# WHAT YOU SHOULD DO
From the entries that follow, copy exactly the lines beginning at the line holding "eventually (\<lambda>n. q" and continuing through the line holding "by (rule eventually_less_ratio_of_threshold[OF".
======
(* C c and S c stand for the number and the total size of the items on one side of a threshold c;
   whether S c fits into the budget s decides on which side of C c the count N lies. *)
lemma AE_ratio_tendsto_of_thresholds:
  fixes N T s :: "'a \<Rightarrow> nat \<Rightarrow> real" and C S :: "real \<Rightarrow> 'a \<Rightarrow> nat \<Rightarrow> real"
    and p g :: "real \<Rightarrow> real"
  assumes ratio: "AE \<omega> in M. (\<lambda>n. s \<omega> n / T \<omega> n) \<longlonglongrightarrow> \<rho>"
    and count_lim: "\<And>c. AE \<omega> in M. (\<lambda>n. C c \<omega> n / T \<omega> n) \<longlonglongrightarrow> p c"
    and sum_lim: "\<And>c. AE \<omega> in M. (\<lambda>n. S c \<omega> n / T \<omega> n) \<longlonglongrightarrow> g c"
    and N_bounds: "\<And>\<omega> n. 0 \<le> N \<omega> n \<and> N \<omega> n \<le> T \<omega> n"
    and count_ge: "AE \<omega> in M. \<forall>c n. S c \<omega> n \<le> s \<omega> n \<longrightarrow> C c \<omega> n \<le> N \<omega> n"
    and count_le: "AE \<omega> in M. \<forall>c n. s \<omega> n < S c \<omega> n \<longrightarrow> N \<omega> n \<le> C c \<omega> n"
    and below: "\<And>q. 0 \<le> q \<Longrightarrow> q < L \<Longrightarrow> \<exists>c. g c < \<rho> \<and> q < p c"
    and above: "\<And>q. L < q \<Longrightarrow> q \<le> 1 \<Longrightarrow> \<exists>c. \<rho> < g c \<and> p c < q"
  shows "AE \<omega> in M. (\<lambda>n. N \<omega> n / T \<omega> n) \<longlonglongrightarrow> L"
proof -
  have T: "0 \<le> T \<omega> n" for \<omega> n
    using N_bounds[of \<omega> n] by linarith
  have lower: "AE \<omega> in M. eventually (\<lambda>n. q < N \<omega> n / T \<omega> n) sequentially" if "q < L" for q
  proof (cases "q < 0")
    case True
    then show ?thesis
      using N_bounds T by (intro AE_I2 always_eventually allI) (meson divide_nonneg_nonneg less_le_trans)
  next
    case False
    then obtain c where "g c < \<rho>" "q < p c"
      using below[of q] \<open>q < L\<close> by auto
    from ratio count_lim[of c] sum_lim[of c] count_ge show ?thesis
    proof eventually_elim
      case (elim \<omega>)
      show ?case
        by (rule eventually_less_ratio_of_threshold[OF elim(1,3,2) \<open>g c < \<rho>\<close> \<open>q < p c\<close> T])
          (use elim(4) in blast)
    qed
  qed
  have upper: "AE \<omega> in M. eventually (\<lambda>n. N \<omega> n / T \<omega> n < q) sequentially" if "L < q" for q
  proof (cases "1 < q")
    case True
    have "N \<omega> n / T \<omega> n \<le> 1" for \<omega> n
      using N_bounds[of \<omega> n] by (cases "T \<omega> n = 0") auto
    with True show ?thesis
      by (intro AE_I2 always_eventually allI) (meson le_less_trans)
  next
    case False
    then obtain c where "\<rho> < g c" "p c < q"
      using above[of q] \<open>L < q\<close> by auto
    from ratio count_lim[of c] sum_lim[of c] count_le show ?thesis
    proof eventually_elim
      case (elim \<omega>)
      show ?case
        by (rule eventually_ratio_less_of_threshold[OF elim(1,3,2) \<open>\<rho> < g c\<close> \<open>p c < q\<close> T])
          (use elim(4) in blast)
    qed
  qed
  have "AE \<omega> in M. \<forall>m. eventually (\<lambda>n. L - 1 / real (Suc m) < N \<omega> n / T \<omega> n) sequentially
                     \<and> eventually (\<lambda>n. N \<omega> n / T \<omega> n < L + 1 / real (Suc m)) sequentially"
    by (subst AE_all_countable) (auto intro!: AE_conjI lower upper)
  then show ?thesis
  proof eventually_elim
    case (elim \<omega>)
    show ?case
    proof (rule LIMSEQ_of_eventually_dist_less_inverse)
      fix m
      from elim[rule_format, of m] show "eventually (\<lambda>n. \<bar>N \<omega> n / T \<omega> n - L\<bar> < 1 / real (Suc m)) sequentially"
        by (auto elim: eventually_elim2)
    qed
  qed
qed

section \<open>Strong law of large numbers for bounded functions\<close>

context prob_space
begin

lemma AE_LIMSEQ_of_summable_tails:
  fixes Y :: "nat \<Rightarrow> 'a \<Rightarrow> real"
  assumes [measurable]: "\<And>n. Y n \<in> borel_measurable M"
    and tails: "\<And>\<epsilon>. 0 < \<epsilon> \<Longrightarrow> summable (\<lambda>n. prob {\<omega>\<in>space M. \<epsilon> \<le> \<bar>Y n \<omega> - L\<bar>})"
  shows "AE \<omega> in M. (\<lambda>n. Y n \<omega>) \<longlonglongrightarrow> L"
proof -
  have "AE \<omega> in M. eventually (\<lambda>n. \<bar>Y n \<omega> - L\<bar> < 1 / real (Suc m)) sequentially" for m
  proof -
    have "AE \<omega> in M. eventually (\<lambda>n. \<omega> \<in> space M - {\<omega>\<in>space M. 1 / real (Suc m) \<le> \<bar>Y n \<omega> - L\<bar>}) sequentially"
      using tails[of "1 / real (Suc m)"] by (intro borel_cantelli_AE1) (auto simp: less_top[symmetric])
    then show ?thesis
      by (rule AE_mp) (auto intro!: AE_I2 elim!: eventually_mono)
  qed
  then have "AE \<omega> in M. \<forall>m. eventually (\<lambda>n. \<bar>Y n \<omega> - L\<bar> < 1 / real (Suc m)) sequentially"
    by (subst AE_all_countable) auto
  then show ?thesis
    by (rule AE_mp) (auto intro!: AE_I2 LIMSEQ_of_eventually_dist_less_inverse)
qed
======
# OUTPUT FOR THIS TASK
  have lower: "AE \<omega> in M. eventually (\<lambda>n. q < N \<omega> n / T \<omega> n) sequentially" if "q < L" for q
  proof (cases "q < 0")
    case True
    then show ?thesis
      using N_bounds T by (intro AE_I2 always_eventually allI) (meson divide_nonneg_nonneg less_le_trans)
  next
    case False
    then obtain c where "g c < \<rho>" "q < p c"
      using below[of q] \<open>q < L\<close> by auto
    from ratio count_lim[of c] sum_lim[of c] count_ge show ?thesis
    proof eventually_elim
      case (elim \<omega>)
      show ?case
        by (rule eventually_less_ratio_of_threshold[OF elim(1,3,2) \<open>g c < \<rho>\<close> \<open>q < p c\<close> T])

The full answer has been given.